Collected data

▽

(* Let $X=\mathbb T=\mathbb R/\mathbb Z=G/\Gamma$ with $G=\mathbb R$, $\Gamma=\mathbb Z$, let $\mu$ be Haar measure on $X$, let $\rho_t(v)=tv$ for $v\in\mathbb R$, $t\in\mathbb R$, and let $x_0\in X$. Then there exists a Borel probability measure $\nu$ on $\mathbb R$ such that the family of measures $(\mu_t)_{t\ge0}$, defined by $\int_Xf\,d\mu_t=\int_{\mathbb R}f(ty+x_0)\,d\nu(y)$ for $f\in C(X)$, is weakly equidistributed but not equidistributed on $(X,\mu)$.
   Context: A family $(\mu_t)_{t\ge0}$ of probability measures on $X$ is equidistributed if $\int f\,d\mu_t\to\int f\,d\mu$ as $t\to\infty$ for all $f\in C(X)$; it is weakly equidistributed if there is a set $A\subset[0,\infty)$ with $\lim_{T\to\infty}\lambda(A\cap[0,T])/T=1$ ($\lambda$ Lebesgue measure) such that $\int f\,d\mu_t\to\int f\,d\mu$ as $t\to\infty$ with $t\in A$, for all $f\in C(X)$. *)

theory Defs
  imports "HOL-Probability.Probability"
begin

text \<open>Functions in C(X), X = R/Z, are represented as continuous 1-periodic
  real functions on R.\<close>
definition circle_fun :: "(real \<Rightarrow> real) \<Rightarrow> bool" where
  "circle_fun f \<longleftrightarrow> continuous_on UNIV f \<and> (\<forall>x. f (x + 1) = f x)"

definition haar_int :: "(real \<Rightarrow> real) \<Rightarrow> real" where
  "haar_int f = (LINT x:{0..1}|lborel. f x)"

text \<open>The integral of f against mu_t: the pushforward of nu under y |-> t y + x0 mod Z.\<close>
definition mu_int :: "real measure \<Rightarrow> real \<Rightarrow> real \<Rightarrow> (real \<Rightarrow> real) \<Rightarrow> real" where
  "mu_int \<nu> x0 t f = (\<integral>y. f (t * y + x0) \<partial>\<nu>)"

definition equidistributed :: "real measure \<Rightarrow> real \<Rightarrow> bool" where
  "equidistributed \<nu> x0 \<longleftrightarrow>
     (\<forall>f. circle_fun f \<longrightarrow> ((\<lambda>t. mu_int \<nu> x0 t f) \<longlongrightarrow> haar_int f) at_top)"
(* Let $\Omega\subset\mathbb R^m$ be an open, bounded, convex set and let $h:\mathbb R^k\times\Omega\to\mathbb R$ be continuous, such that for each $\mathcal X\in\mathbb R^k$ the function $h(\mathcal X,\cdot)$ is concave on $\Omega$. Then $H(\mathcal X):=\sup_{\tau\in\Omega}h(\mathcal X,\tau)$ is continuous on $\mathbb R^k$. *)

theory Defs
  imports "HOL-Analysis.Analysis"
begin

end

theory Submission
  imports Defs
begin

(* H is lower semicontinuous, being a supremum of the continuous functions h(-,tau).
   For the other half fix c in Omega and 0 < t < 1. Shrinking the closure of Omega towards c
   by the factor t gives a compact set K_t inside Omega, so X |-> max over K_t of h(X,-) is
   continuous. Concavity gives (1 - t) h(X,c) + t h(X,tau) <= max over K_t of h(X,-), hence
   the continuous functions (max over K_t of h(X,-) - (1 - t) h(X,c)) / t lie above H, and at
   any X they are at most (H(X) - (1 - t) h(X,c)) / t, which tends to H(X) as t -> 1.
   So H is also upper semicontinuous. *)

lemma continuous_on_prod_slices:
  assumes "continuous_on (A \<times> B) (\<lambda>(x, y). f x y)"
  shows "y \<in> B \<Longrightarrow> continuous_on A (\<lambda>x. f x y)"
    and "x \<in> A \<Longrightarrow> continuous_on B (f x)"
proof -
  show "continuous_on A (\<lambda>x. f x y)" if "y \<in> B"
    using continuous_on_compose2[OF assms continuous_on_Pair[OF continuous_on_id continuous_on_const]] that
    by auto
  show "continuous_on B (f x)" if "x \<in> A"
    using continuous_on_compose2[OF assms continuous_on_Pair[OF continuous_on_const continuous_on_id]] that
    by auto
qed

lemma homothety_closure_subset_interior:
  fixes S :: "'a::euclidean_space set"
  assumes "convex S" "c \<in> interior S" "0 \<le> t" "t < 1"
  shows "(\<lambda>x. (1 - t) *\<^sub>R c + t *\<^sub>R x) ` closure S \<subseteq> interior S"
proof
  fix y assume "y \<in> (\<lambda>x. (1 - t) *\<^sub>R c + t *\<^sub>R x) ` closure S"
  then obtain x where x: "x \<in> closure S" "y = (1 - t) *\<^sub>R c + t *\<^sub>R x" by blast
  have "x - (1 - t) *\<^sub>R (x - c) \<in> interior S"
    using mem_interior_closure_convex_shrink[OF assms(1,2) x(1)] assms(3,4) by simp
  then show "y \<in> interior S" by (simp add: x(2) algebra_simps)
qed

lemma cSUP_le_cSUP_add:
  fixes f g :: "'a \<Rightarrow> real"
  assumes "A \<noteq> {}" "bdd_above (g ` A)" "\<And>x. x \<in> A \<Longrightarrow> f x \<le> g x + e"
  shows "(SUP x\<in>A. f x) \<le> (SUP x\<in>A. g x) + e"
  using assms by (intro cSUP_least) (auto intro: order_trans[OF _ add_right_mono[OF cSUP_upper]])

lemma continuous_on_SUP_compact:
  fixes f :: "'a::topological_space \<Rightarrow> 'b::topological_space \<Rightarrow> real"
  assumes "compact K" "K \<noteq> {}" "continuous_on (UNIV \<times> K) (\<lambda>(x, y). f x y)"
  shows "continuous_on UNIV (\<lambda>x. SUP y\<in>K. f x y)"
  unfolding continuous_on_def
proof
  fix x0 :: 'a
  have bdd: "bdd_above (f x ` K)" for x
  proof -
    have "continuous_on K (f x)"
      using assms(3) by (rule continuous_on_prod_slices) simp
    then show ?thesis
      using assms(1) by (intro bounded_imp_bdd_above compact_imp_bounded compact_continuous_image)
  qed
  show "((\<lambda>x. SUP y\<in>K. f x y) \<longlongrightarrow> (SUP y\<in>K. f x0 y)) (at x0)"
    unfolding tendsto_iff
  proof (intro allI impI)
    fix e :: real assume "e > 0"
    then obtain U where "x0 \<in> U" "open U"
      and close: "\<forall>x\<in>U \<inter> UNIV. \<forall>y\<in>K. dist (f x y) (f x0 y) \<le> e / 2"
      using continuous_on_prod_compactE[OF assms(3,1) UNIV_I, of "e / 2"] by auto
    have "dist (SUP y\<in>K. f x y) (SUP y\<in>K. f x0 y) < e" if "x \<in> U" for x
    proof -
      have near: "f x y \<le> f x0 y + e / 2 \<and> f x0 y \<le> f x y + e / 2" if "y \<in> K" for y
      proof -
        have "dist (f x y) (f x0 y) \<le> e / 2" using close \<open>x \<in> U\<close> that by blast
        then show ?thesis unfolding dist_real_def by linarith
      qed
      have "(SUP y\<in>K. f x y) \<le> (SUP y\<in>K. f x0 y) + e / 2"
        by (rule cSUP_le_cSUP_add[OF assms(2) bdd]) (use near in blast)
      moreover have "(SUP y\<in>K. f x0 y) \<le> (SUP y\<in>K. f x y) + e / 2"
        by (rule cSUP_le_cSUP_add[OF assms(2) bdd]) (use near in blast)
      ultimately show ?thesis
        using \<open>e > 0\<close> by (simp add: dist_real_def)
    qed
    then show "\<forall>\<^sub>F x in at x0. dist (SUP y\<in>K. f x y) (SUP y\<in>K. f x0 y) < e"
      using \<open>x0 \<in> U\<close> \<open>open U\<close> eventually_at_topological by blast
  qed
qed

lemma continuous_at_by_minorants_majorants:
  fixes H :: "'a::t2_space \<Rightarrow> 'b::linorder_topology"
  assumes "\<And>a. a < H x \<Longrightarrow> \<exists>f. continuous (at x) f \<and> a < f x \<and> (\<forall>y. f y \<le> H y)"
    and "\<And>a. H x < a \<Longrightarrow> \<exists>g. continuous (at x) g \<and> g x < a \<and> (\<forall>y. H y \<le> g y)"
  shows "continuous (at x) H"
  unfolding continuous_within
proof (rule order_tendstoI)
  fix a assume "a < H x"
  then obtain f where "continuous (at x) f" "a < f x" "\<forall>y. f y \<le> H y" using assms(1) by blast
  then have "\<forall>\<^sub>F y in at x. a < f y"
    by (auto simp: continuous_within intro: order_tendstoD(1))
  then show "\<forall>\<^sub>F y in at x. a < H y"
    by (rule eventually_mono) (use \<open>\<forall>y. f y \<le> H y\<close> less_le_trans in blast)
next
  fix a assume "H x < a"
  then obtain g where "continuous (at x) g" "g x < a" "\<forall>y. H y \<le> g y" using assms(2) by blast
  then have "\<forall>\<^sub>F y in at x. g y < a"
    by (auto simp: continuous_within intro: order_tendstoD(2))
  then show "\<forall>\<^sub>F y in at x. H y < a"
    by (rule eventually_mono) (use \<open>\<forall>y. H y \<le> g y\<close> le_less_trans in blast)
qed

lemma concave_on_SUP_le_homothety_SUP:
  fixes f :: "'a::real_vector \<Rightarrow> real"
  assumes "concave_on S f" "c \<in> S" "0 < t" "t \<le> 1"
    and "(\<lambda>x. (1 - t) *\<^sub>R c + t *\<^sub>R x) ` S \<subseteq> K" "bdd_above (f ` K)"
  shows "bdd_above (f ` S)" "(SUP x\<in>S. f x) \<le> ((SUP y\<in>K. f y) - (1 - t) * f c) / t"
proof -
  have bound: "f x \<le> ((SUP y\<in>K. f y) - (1 - t) * f c) / t" if "x \<in> S" for x
  proof -
    have "(1 - t) * f c + t * f x \<le> f ((1 - t) *\<^sub>R c + t *\<^sub>R x)"
      using concave_onD[OF assms(1)] assms(2-4) that by simp
    also have "\<dots> \<le> (SUP y\<in>K. f y)"
      using assms(5,6) that by (auto intro: cSUP_upper)
    finally show ?thesis using assms(3) by (simp add: field_simps)
  qed
  then show "bdd_above (f ` S)" by (rule bdd_aboveI2)
  show "(SUP x\<in>S. f x) \<le> ((SUP y\<in>K. f y) - (1 - t) * f c) / t"
    using assms(2) bound by (intro cSUP_least) auto
qed

lemma eventually_at_left_1_quotient_less:
  fixes u v a :: real
  assumes "u < a"
  shows "\<forall>\<^sub>F t in at_left 1. 0 < t \<and> t < 1 \<and> (u - (1 - t) * v) / t < a"
proof -
  have "((\<lambda>t. (u - (1 - t) * v) / t) \<longlongrightarrow> u) (at_left 1)"
    by (auto intro!: tendsto_eq_intros)
  then have "\<forall>\<^sub>F t in at_left 1. (u - (1 - t) * v) / t < a"
    using assms by (rule order_tendstoD(2))
  moreover have "\<forall>\<^sub>F t in at_left 1. t \<in> {0<..<1::real}"
    by (rule eventually_at_left_real) simp
  ultimately show ?thesis
    by eventually_elim auto
qed

lemma continuous_on_SUP_by_majorants:
  fixes f :: "'a::t2_space \<Rightarrow> 'b \<Rightarrow> real"
  assumes "S \<noteq> {}" "\<And>\<tau>. \<tau> \<in> S \<Longrightarrow> continuous_on UNIV (\<lambda>x. f x \<tau>)" "\<And>x. bdd_above (f x ` S)"
    and "\<And>x a. (SUP \<tau>\<in>S. f x \<tau>) < a \<Longrightarrow>
           \<exists>g. continuous_on UNIV g \<and> g x < a \<and> (\<forall>y. (SUP \<tau>\<in>S. f y \<tau>) \<le> g y)"
  shows "continuous_on UNIV (\<lambda>x. SUP \<tau>\<in>S. f x \<tau>)"
  unfolding continuous_on_eq_continuous_at[OF open_UNIV]
proof (intro ballI continuous_at_by_minorants_majorants)
  fix x a
  assume "a < (SUP \<tau>\<in>S. f x \<tau>)"
  then obtain \<tau> where "\<tau> \<in> S" "a < f x \<tau>"
    using less_cSUP_iff[OF assms(1,3)] by auto
  then show "\<exists>g. continuous (at x) g \<and> a < g x \<and> (\<forall>y. g y \<le> (SUP \<tau>\<in>S. f y \<tau>))"
    using assms(2,3)
    by (intro exI[of _ "\<lambda>y. f y \<tau>"]) (auto simp: continuous_on_eq_continuous_at intro: cSUP_upper)
next
  fix x a
  assume "(SUP \<tau>\<in>S. f x \<tau>) < a"
  then show "\<exists>g. continuous (at x) g \<and> g x < a \<and> (\<forall>y. (SUP \<tau>\<in>S. f y \<tau>) \<le> g y)"
    using assms(4) by (metis continuous_on_eq_continuous_at open_UNIV UNIV_I)
qed

lemma SUP_concave_continuous_majorant:
  fixes \<Omega> :: "'b::euclidean_space set" and h :: "'a::topological_space \<Rightarrow> 'b \<Rightarrow> real"
  assumes "open \<Omega>" "bounded \<Omega>" "convex \<Omega>"
    and h_cont: "continuous_on (UNIV \<times> \<Omega>) (\<lambda>(x, \<tau>). h x \<tau>)"
    and h_concave: "\<And>x. concave_on \<Omega> (h x)"
    and "c \<in> \<Omega>" "0 < t" "t < 1"
  shows "bdd_above (h x ` \<Omega>)"
    and "\<exists>g. continuous_on UNIV g \<and> (\<forall>x. (SUP \<tau>\<in>\<Omega>. h x \<tau>) \<le> g x)
           \<and> (\<forall>x. g x \<le> ((SUP \<tau>\<in>\<Omega>. h x \<tau>) - (1 - t) * h x c) / t)"
proof -
  define K where "K = (\<lambda>x. (1 - t) *\<^sub>R c + t *\<^sub>R x) ` closure \<Omega>"
  have K: "compact K" "K \<noteq> {}" "K \<subseteq> \<Omega>"
    using homothety_closure_subset_interior[OF assms(3), of c t] assms(1,2,6-8)
    by (auto simp: K_def interior_open compact_closure intro!: compact_continuous_image continuous_intros)
  have h_on_K: "continuous_on (UNIV \<times> K) (\<lambda>(x, \<tau>). h x \<tau>)"
    using K(3) by (intro continuous_on_subset[OF h_cont]) auto
  have bdd_K: "bdd_above (h x ` K)" for x
    using K(1) continuous_on_prod_slices(2)[OF h_on_K]
    by (intro bounded_imp_bdd_above compact_imp_bounded compact_continuous_image) auto
  have "(\<lambda>x. (1 - t) *\<^sub>R c + t *\<^sub>R x) ` \<Omega> \<subseteq> K"
    unfolding K_def using closure_subset by blast
  note shrink = concave_on_SUP_le_homothety_SUP[OF h_concave \<open>c \<in> \<Omega>\<close> \<open>0 < t\<close> _ this bdd_K]
  show bdd: "bdd_above (h x ` \<Omega>)" for x
    using shrink(1) \<open>t < 1\<close> by simp
  define g where "g x = ((SUP \<sigma>\<in>K. h x \<sigma>) - (1 - t) * h x c) / t" for x
  have "continuous_on UNIV g"
    using continuous_on_SUP_compact[OF K(1,2) h_on_K] continuous_on_prod_slices(1)[OF h_cont \<open>c \<in> \<Omega>\<close>]
      \<open>0 < t\<close> unfolding g_def by (intro continuous_intros) auto
  moreover have "(SUP \<tau>\<in>\<Omega>. h x \<tau>) \<le> g x" for x
    using shrink(2) \<open>t < 1\<close> unfolding g_def by simp
  moreover have "g x \<le> ((SUP \<tau>\<in>\<Omega>. h x \<tau>) - (1 - t) * h x c) / t" for x
  proof -
    have "(SUP \<sigma>\<in>K. h x \<sigma>) \<le> (SUP \<tau>\<in>\<Omega>. h x \<tau>)"
      using K(2,3) bdd by (intro cSUP_subset_mono) auto
    then show ?thesis
      unfolding g_def using \<open>0 < t\<close> by (intro divide_right_mono) auto
  qed
  ultimately show "\<exists>g. continuous_on UNIV g \<and> (\<forall>x. (SUP \<tau>\<in>\<Omega>. h x \<tau>) \<le> g x)
           \<and> (\<forall>x. g x \<le> ((SUP \<tau>\<in>\<Omega>. h x \<tau>) - (1 - t) * h x c) / t)"
    by blast
qed

theorem proposition7p1:
  fixes \<Omega> :: "(real ^ 'm) set"
    and h :: "real ^ 'k \<Rightarrow> real ^ 'm \<Rightarrow> real"
  assumes "open \<Omega>" and "bounded \<Omega>" and "convex \<Omega>"
    and "continuous_on (UNIV \<times> \<Omega>) (\<lambda>(X, \<tau>). h X \<tau>)"
    and "\<And>X. concave_on \<Omega> (h X)"
  shows "continuous_on UNIV (\<lambda>X. SUP \<tau>\<in>\<Omega>. h X \<tau>)"
proof (cases "\<Omega> = {}")
  case True
  then show ?thesis by simp
next
  case False
  then obtain c where c: "c \<in> \<Omega>" by blast
  note majorant = SUP_concave_continuous_majorant[OF assms c]
  show ?thesis
  proof (rule continuous_on_SUP_by_majorants[OF False])
    show "continuous_on UNIV (\<lambda>X. h X \<tau>)" if "\<tau> \<in> \<Omega>" for \<tau>
      using assms(4) that by (rule continuous_on_prod_slices)
    show "bdd_above (h X ` \<Omega>)" for X
      using majorant(1)[of "1/2"] by simp
    fix X0 a
    assume "(SUP \<tau>\<in>\<Omega>. h X0 \<tau>) < a"
    then obtain t where "0 < t" "t < 1" "((SUP \<tau>\<in>\<Omega>. h X0 \<tau>) - (1 - t) * h X0 c) / t < a"
      using eventually_happens'[OF trivial_limit_at_left_real eventually_at_left_1_quotient_less] by blast
    then show "\<exists>g. continuous_on UNIV g \<and> g X0 < a \<and> (\<forall>X. (SUP \<tau>\<in>\<Omega>. h X \<tau>) \<le> g X)"
      using majorant(2) by (meson le_less_trans)
  qed
qed

end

△

Which lines above run from the one containing "define K where" to the one containing "using homothety_closure_subset_interior[OF assms(3), of"? Give them again exactly, both ends included.

  define K where "K = (\<lambda>x. (1 - t) *\<^sub>R c + t *\<^sub>R x) ` closure \<Omega>"
  have K: "compact K" "K \<noteq> {}" "K \<subseteq> \<Omega>"
    using homothety_closure_subset_interior[OF assms(3), of c t] assms(1,2,6-8)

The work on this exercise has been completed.